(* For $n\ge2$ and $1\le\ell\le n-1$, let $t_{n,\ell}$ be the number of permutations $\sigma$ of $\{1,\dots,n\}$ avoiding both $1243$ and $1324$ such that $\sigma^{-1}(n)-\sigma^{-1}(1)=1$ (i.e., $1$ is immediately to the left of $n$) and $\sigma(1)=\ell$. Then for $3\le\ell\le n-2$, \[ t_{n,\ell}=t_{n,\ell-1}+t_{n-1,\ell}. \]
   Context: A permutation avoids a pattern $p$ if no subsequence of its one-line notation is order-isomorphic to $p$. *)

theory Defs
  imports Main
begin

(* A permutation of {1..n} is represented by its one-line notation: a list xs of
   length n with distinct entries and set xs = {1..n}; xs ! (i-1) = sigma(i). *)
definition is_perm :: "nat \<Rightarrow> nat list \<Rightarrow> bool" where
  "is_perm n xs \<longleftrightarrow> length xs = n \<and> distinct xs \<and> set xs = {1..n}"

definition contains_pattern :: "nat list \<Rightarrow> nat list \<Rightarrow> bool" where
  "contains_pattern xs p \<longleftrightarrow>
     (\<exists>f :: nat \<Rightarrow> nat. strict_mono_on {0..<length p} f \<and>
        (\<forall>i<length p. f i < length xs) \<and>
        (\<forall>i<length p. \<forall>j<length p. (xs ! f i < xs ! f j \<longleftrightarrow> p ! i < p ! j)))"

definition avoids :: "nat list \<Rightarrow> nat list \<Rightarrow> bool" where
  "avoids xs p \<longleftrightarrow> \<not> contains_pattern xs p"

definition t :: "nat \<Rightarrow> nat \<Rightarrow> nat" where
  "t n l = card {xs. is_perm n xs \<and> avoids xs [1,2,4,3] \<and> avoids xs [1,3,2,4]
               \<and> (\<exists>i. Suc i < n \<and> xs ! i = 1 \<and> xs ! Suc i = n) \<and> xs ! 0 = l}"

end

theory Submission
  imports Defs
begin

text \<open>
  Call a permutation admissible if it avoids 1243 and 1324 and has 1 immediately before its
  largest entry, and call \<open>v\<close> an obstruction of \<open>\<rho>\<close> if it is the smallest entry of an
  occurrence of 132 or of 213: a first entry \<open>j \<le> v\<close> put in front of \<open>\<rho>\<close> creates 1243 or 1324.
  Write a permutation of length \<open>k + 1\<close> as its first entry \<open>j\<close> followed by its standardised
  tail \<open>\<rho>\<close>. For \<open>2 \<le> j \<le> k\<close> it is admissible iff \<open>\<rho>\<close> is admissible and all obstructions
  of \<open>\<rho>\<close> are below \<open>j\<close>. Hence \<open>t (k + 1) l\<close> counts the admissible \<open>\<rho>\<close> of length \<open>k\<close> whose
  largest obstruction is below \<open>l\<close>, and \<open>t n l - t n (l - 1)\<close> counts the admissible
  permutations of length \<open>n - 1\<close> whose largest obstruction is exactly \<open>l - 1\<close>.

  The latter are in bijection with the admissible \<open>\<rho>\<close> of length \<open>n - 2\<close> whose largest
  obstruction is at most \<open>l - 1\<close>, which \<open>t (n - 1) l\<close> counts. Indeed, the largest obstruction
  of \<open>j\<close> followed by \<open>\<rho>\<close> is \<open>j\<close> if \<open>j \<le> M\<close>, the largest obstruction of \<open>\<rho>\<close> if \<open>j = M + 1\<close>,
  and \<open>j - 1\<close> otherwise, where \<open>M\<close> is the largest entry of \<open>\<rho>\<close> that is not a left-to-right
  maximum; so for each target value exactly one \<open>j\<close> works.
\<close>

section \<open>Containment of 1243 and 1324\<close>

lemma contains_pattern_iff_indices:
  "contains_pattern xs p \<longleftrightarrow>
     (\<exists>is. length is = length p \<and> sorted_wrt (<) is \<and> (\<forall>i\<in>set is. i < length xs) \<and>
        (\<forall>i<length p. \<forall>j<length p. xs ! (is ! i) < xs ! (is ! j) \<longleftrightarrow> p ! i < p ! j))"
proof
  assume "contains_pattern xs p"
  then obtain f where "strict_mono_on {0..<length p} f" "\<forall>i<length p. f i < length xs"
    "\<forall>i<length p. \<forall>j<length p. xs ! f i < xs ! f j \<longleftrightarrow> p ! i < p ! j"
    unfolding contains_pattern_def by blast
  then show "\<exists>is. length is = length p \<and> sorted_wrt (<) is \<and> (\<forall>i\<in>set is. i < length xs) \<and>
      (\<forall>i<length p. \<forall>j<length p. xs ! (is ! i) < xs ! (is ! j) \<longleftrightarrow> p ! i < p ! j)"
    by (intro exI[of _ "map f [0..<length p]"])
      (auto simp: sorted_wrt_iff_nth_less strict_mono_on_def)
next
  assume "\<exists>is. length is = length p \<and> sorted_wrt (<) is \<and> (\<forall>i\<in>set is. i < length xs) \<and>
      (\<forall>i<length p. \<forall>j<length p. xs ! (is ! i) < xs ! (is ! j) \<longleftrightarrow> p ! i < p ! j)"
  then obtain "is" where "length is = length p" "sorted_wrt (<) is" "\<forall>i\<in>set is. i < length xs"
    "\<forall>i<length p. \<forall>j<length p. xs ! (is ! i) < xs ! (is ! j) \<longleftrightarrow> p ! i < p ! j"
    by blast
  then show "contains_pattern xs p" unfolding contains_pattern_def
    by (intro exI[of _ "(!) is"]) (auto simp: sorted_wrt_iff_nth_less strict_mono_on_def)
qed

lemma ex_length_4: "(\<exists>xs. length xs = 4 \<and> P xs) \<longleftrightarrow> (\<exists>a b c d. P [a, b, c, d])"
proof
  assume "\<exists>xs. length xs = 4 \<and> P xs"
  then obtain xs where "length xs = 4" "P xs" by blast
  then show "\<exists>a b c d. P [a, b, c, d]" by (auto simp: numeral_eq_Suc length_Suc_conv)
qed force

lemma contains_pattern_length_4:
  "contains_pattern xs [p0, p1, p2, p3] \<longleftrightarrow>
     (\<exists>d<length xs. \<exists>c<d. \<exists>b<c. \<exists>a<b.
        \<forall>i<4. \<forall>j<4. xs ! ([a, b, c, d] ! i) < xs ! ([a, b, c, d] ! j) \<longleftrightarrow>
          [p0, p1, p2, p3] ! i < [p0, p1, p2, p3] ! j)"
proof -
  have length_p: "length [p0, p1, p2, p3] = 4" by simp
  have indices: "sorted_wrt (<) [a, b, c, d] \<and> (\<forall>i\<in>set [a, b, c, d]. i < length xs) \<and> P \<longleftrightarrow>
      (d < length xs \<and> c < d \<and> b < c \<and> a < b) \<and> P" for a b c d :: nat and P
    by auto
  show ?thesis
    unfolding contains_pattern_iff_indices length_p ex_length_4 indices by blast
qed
+--
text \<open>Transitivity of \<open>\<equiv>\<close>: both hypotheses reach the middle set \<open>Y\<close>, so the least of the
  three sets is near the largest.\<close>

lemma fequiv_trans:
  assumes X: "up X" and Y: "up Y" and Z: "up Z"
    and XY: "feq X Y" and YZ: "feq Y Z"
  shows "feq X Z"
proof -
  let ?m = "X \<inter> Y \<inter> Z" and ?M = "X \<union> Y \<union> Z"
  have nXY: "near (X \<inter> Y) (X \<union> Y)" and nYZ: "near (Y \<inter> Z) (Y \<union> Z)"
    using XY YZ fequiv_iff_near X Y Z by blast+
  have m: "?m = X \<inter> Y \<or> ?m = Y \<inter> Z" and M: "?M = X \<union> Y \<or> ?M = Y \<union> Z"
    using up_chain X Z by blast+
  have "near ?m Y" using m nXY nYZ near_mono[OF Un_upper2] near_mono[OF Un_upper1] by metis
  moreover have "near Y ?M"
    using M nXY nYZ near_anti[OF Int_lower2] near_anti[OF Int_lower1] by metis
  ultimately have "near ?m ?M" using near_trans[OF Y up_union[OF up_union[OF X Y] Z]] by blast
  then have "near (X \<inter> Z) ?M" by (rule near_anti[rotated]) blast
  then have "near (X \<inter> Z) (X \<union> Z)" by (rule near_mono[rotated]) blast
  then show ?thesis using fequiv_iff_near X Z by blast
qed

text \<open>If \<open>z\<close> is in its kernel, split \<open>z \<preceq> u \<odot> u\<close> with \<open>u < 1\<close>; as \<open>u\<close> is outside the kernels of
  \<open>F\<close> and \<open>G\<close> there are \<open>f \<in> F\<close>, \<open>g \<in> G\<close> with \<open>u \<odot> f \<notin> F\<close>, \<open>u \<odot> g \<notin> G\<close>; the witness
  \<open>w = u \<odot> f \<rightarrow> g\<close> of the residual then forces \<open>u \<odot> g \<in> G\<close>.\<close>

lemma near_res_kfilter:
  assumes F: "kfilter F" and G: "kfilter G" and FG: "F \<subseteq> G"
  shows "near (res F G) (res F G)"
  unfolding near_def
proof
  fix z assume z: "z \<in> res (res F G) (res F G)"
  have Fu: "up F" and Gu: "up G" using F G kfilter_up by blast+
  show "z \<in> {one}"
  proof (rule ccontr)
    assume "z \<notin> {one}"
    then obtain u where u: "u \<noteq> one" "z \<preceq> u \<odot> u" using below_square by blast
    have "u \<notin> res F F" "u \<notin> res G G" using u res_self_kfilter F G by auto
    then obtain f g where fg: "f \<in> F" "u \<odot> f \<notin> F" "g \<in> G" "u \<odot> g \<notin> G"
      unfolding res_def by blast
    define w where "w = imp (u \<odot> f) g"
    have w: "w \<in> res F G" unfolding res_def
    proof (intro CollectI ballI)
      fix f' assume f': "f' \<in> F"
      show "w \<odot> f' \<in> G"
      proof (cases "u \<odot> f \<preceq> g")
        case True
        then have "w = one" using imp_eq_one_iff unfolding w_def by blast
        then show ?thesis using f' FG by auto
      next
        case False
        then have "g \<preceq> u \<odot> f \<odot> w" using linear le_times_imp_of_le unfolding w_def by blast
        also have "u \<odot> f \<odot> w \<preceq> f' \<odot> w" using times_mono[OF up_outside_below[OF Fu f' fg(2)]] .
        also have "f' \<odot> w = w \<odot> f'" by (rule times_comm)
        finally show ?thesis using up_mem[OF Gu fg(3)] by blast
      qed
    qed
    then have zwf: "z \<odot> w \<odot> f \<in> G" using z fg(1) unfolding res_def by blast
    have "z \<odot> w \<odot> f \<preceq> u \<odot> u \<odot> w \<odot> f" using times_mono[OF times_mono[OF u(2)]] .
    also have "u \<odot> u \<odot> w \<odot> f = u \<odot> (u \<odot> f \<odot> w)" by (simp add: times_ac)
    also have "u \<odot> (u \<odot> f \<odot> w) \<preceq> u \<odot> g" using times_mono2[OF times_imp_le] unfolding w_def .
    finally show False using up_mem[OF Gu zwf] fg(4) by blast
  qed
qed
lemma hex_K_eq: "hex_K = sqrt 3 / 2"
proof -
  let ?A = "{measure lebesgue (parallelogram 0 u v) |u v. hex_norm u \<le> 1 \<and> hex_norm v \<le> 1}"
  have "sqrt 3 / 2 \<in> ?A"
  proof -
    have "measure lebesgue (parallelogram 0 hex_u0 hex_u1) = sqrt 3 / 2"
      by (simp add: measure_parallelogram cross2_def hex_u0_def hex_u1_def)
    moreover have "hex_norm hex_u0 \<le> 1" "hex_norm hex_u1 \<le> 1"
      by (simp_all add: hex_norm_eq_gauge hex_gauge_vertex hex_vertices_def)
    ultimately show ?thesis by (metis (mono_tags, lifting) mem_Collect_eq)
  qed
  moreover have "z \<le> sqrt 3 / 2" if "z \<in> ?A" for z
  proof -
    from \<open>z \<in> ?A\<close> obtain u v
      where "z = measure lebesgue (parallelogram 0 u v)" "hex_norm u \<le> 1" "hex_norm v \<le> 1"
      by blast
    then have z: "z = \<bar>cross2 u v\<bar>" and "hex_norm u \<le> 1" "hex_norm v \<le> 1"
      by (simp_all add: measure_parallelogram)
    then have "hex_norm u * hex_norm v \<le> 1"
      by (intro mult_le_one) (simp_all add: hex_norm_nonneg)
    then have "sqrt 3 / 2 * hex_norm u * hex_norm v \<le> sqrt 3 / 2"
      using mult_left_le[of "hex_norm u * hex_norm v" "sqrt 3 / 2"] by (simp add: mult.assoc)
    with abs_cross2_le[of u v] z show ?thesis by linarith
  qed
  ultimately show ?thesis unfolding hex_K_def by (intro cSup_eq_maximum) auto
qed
+--
*EXERCISE REQUIREMENTS*. Everything from the line containing "(* For $n\ge2$" through the line containing "(\<forall>i<length p. \<forall>j<length p. (xs" in the material above should be retyped exactly, both ends included, and nothing more.

*PROBLEM SOLUTION*.
(* For $n\ge2$ and $1\le\ell\le n-1$, let $t_{n,\ell}$ be the number of permutations $\sigma$ of $\{1,\dots,n\}$ avoiding both $1243$ and $1324$ such that $\sigma^{-1}(n)-\sigma^{-1}(1)=1$ (i.e., $1$ is immediately to the left of $n$) and $\sigma(1)=\ell$. Then for $3\le\ell\le n-2$, \[ t_{n,\ell}=t_{n,\ell-1}+t_{n-1,\ell}. \]
   Context: A permutation avoids a pattern $p$ if no subsequence of its one-line notation is order-isomorphic to $p$. *)

theory Defs
  imports Main
begin

(* A permutation of {1..n} is represented by its one-line notation: a list xs of
   length n with distinct entries and set xs = {1..n}; xs ! (i-1) = sigma(i). *)
definition is_perm :: "nat \<Rightarrow> nat list \<Rightarrow> bool" where
  "is_perm n xs \<longleftrightarrow> length xs = n \<and> distinct xs \<and> set xs = {1..n}"

definition contains_pattern :: "nat list \<Rightarrow> nat list \<Rightarrow> bool" where
  "contains_pattern xs p \<longleftrightarrow>
     (\<exists>f :: nat \<Rightarrow> nat. strict_mono_on {0..<length p} f \<and>
        (\<forall>i<length p. f i < length xs) \<and>
        (\<forall>i<length p. \<forall>j<length p. (xs ! f i < xs ! f j \<longleftrightarrow> p ! i < p ! j)))"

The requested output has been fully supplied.